**Task statement:** Only one span of the listing below should come back. It runs from the line with "m]) = cyc_changes" through the line with "r))) = (\<Sum>j<m.", and each of its lines must be reproduced exactly.

**Supplied records:**

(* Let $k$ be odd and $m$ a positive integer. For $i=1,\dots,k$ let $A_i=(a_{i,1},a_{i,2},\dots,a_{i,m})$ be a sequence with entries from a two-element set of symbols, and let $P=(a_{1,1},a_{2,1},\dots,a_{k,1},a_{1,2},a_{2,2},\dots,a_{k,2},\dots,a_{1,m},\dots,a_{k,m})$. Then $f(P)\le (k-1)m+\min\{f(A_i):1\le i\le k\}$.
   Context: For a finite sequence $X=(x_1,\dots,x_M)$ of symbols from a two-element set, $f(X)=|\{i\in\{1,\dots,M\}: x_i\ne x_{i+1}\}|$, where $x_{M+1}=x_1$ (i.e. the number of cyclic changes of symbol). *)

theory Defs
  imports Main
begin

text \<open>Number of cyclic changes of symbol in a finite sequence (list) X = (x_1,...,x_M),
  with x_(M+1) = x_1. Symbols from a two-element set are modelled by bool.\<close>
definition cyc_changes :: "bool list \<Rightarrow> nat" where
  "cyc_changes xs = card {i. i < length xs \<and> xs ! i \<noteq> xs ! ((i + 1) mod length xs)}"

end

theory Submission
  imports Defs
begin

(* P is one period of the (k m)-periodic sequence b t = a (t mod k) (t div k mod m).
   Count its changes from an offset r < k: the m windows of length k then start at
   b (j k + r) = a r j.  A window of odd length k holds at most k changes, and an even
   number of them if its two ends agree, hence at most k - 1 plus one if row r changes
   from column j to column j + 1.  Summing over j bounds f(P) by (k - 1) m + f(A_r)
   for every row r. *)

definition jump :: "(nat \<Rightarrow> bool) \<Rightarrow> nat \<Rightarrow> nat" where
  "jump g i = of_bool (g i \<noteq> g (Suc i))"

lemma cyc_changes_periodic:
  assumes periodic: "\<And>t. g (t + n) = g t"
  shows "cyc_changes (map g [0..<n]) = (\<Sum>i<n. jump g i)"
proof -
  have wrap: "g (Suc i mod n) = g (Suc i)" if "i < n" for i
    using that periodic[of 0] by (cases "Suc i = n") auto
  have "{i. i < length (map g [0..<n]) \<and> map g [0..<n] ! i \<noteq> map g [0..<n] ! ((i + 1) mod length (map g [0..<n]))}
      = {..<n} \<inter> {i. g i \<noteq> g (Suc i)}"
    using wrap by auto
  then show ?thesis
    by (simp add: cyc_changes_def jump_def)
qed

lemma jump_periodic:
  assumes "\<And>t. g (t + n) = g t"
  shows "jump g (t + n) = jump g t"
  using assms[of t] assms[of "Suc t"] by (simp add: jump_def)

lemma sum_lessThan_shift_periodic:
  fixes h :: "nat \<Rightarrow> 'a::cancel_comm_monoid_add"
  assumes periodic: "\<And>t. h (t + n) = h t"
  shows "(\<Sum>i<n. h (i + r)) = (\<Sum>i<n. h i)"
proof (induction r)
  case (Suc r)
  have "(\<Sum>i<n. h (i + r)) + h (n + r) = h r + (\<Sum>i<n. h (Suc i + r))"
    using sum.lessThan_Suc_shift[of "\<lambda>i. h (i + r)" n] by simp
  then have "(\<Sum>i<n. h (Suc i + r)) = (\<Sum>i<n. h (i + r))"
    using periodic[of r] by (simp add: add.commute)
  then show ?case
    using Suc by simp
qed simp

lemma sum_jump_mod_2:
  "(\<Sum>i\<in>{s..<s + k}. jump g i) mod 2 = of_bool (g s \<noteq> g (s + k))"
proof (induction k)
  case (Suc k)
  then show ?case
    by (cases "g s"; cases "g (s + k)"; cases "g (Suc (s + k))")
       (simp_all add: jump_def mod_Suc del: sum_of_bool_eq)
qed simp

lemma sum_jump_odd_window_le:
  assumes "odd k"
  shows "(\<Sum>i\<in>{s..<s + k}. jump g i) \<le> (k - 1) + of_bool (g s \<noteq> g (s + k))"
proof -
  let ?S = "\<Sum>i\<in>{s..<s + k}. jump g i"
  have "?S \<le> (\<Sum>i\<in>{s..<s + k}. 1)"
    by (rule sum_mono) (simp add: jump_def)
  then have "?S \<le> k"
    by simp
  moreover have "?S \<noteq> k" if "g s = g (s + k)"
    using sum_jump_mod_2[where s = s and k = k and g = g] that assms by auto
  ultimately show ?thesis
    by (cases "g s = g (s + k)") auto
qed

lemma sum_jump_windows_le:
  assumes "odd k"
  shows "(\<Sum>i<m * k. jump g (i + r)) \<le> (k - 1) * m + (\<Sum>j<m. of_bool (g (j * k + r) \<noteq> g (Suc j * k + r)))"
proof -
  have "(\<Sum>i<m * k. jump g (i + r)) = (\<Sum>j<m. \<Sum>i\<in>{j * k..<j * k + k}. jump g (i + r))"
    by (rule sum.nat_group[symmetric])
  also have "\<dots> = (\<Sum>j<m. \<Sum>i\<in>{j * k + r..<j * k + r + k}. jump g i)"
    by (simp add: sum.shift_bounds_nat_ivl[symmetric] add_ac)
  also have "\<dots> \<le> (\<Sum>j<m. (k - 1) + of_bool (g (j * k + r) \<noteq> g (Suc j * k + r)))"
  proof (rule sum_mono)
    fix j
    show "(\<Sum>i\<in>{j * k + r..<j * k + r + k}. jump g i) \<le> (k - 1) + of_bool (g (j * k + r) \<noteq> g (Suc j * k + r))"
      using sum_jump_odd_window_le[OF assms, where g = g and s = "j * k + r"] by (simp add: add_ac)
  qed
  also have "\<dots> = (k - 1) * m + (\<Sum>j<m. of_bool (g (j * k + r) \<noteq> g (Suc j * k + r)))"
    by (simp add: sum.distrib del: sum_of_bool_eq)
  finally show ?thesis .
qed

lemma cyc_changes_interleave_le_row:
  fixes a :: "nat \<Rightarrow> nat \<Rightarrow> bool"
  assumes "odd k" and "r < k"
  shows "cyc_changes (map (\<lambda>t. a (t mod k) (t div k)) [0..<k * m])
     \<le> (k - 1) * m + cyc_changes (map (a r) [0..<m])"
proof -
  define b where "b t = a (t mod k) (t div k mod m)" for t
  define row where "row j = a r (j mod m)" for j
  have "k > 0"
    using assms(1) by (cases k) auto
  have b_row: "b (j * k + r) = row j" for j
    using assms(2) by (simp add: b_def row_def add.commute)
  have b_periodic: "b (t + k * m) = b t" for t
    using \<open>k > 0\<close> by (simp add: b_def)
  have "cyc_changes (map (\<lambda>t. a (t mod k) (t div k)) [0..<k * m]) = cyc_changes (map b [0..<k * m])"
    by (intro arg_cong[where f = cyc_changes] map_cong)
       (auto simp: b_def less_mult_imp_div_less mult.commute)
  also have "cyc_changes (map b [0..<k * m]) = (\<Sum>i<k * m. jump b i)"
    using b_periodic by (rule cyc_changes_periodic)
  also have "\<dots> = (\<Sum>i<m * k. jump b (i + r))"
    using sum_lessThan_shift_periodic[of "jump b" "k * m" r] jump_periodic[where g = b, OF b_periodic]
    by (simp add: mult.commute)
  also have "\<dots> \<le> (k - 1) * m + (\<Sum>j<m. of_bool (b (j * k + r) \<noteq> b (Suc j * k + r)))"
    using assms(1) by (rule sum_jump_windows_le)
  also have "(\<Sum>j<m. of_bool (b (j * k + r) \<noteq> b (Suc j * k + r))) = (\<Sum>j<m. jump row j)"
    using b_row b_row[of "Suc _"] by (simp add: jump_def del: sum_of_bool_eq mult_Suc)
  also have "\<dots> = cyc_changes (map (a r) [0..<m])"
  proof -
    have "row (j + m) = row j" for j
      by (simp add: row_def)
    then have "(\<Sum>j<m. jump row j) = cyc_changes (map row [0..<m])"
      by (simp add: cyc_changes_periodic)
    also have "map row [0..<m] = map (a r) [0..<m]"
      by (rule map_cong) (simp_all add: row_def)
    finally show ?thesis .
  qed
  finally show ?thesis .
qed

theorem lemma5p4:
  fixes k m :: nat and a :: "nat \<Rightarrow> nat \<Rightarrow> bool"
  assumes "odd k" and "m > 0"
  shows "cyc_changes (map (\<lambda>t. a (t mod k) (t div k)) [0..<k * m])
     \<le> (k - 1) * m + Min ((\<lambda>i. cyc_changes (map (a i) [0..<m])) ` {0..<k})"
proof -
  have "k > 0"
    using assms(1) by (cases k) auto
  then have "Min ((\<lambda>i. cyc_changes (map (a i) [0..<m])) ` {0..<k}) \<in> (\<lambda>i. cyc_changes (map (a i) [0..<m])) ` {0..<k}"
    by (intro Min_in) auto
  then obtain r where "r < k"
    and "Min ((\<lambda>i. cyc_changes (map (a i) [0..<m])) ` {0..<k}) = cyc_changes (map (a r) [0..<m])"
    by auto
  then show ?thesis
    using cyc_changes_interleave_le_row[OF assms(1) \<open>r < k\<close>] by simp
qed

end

**Completed task:**
  have "cyc_changes (map (\<lambda>t. a (t mod k) (t div k)) [0..<k * m]) = cyc_changes (map b [0..<k * m])"
    by (intro arg_cong[where f = cyc_changes] map_cong)
       (auto simp: b_def less_mult_imp_div_less mult.commute)
  also have "cyc_changes (map b [0..<k * m]) = (\<Sum>i<k * m. jump b i)"
    using b_periodic by (rule cyc_changes_periodic)
  also have "\<dots> = (\<Sum>i<m * k. jump b (i + r))"
    using sum_lessThan_shift_periodic[of "jump b" "k * m" r] jump_periodic[where g = b, OF b_periodic]
    by (simp add: mult.commute)
  also have "\<dots> \<le> (k - 1) * m + (\<Sum>j<m. of_bool (b (j * k + r) \<noteq> b (Suc j * k + r)))"
    using assms(1) by (rule sum_jump_windows_le)
  also have "(\<Sum>j<m. of_bool (b (j * k + r) \<noteq> b (Suc j * k + r))) = (\<Sum>j<m. jump row j)"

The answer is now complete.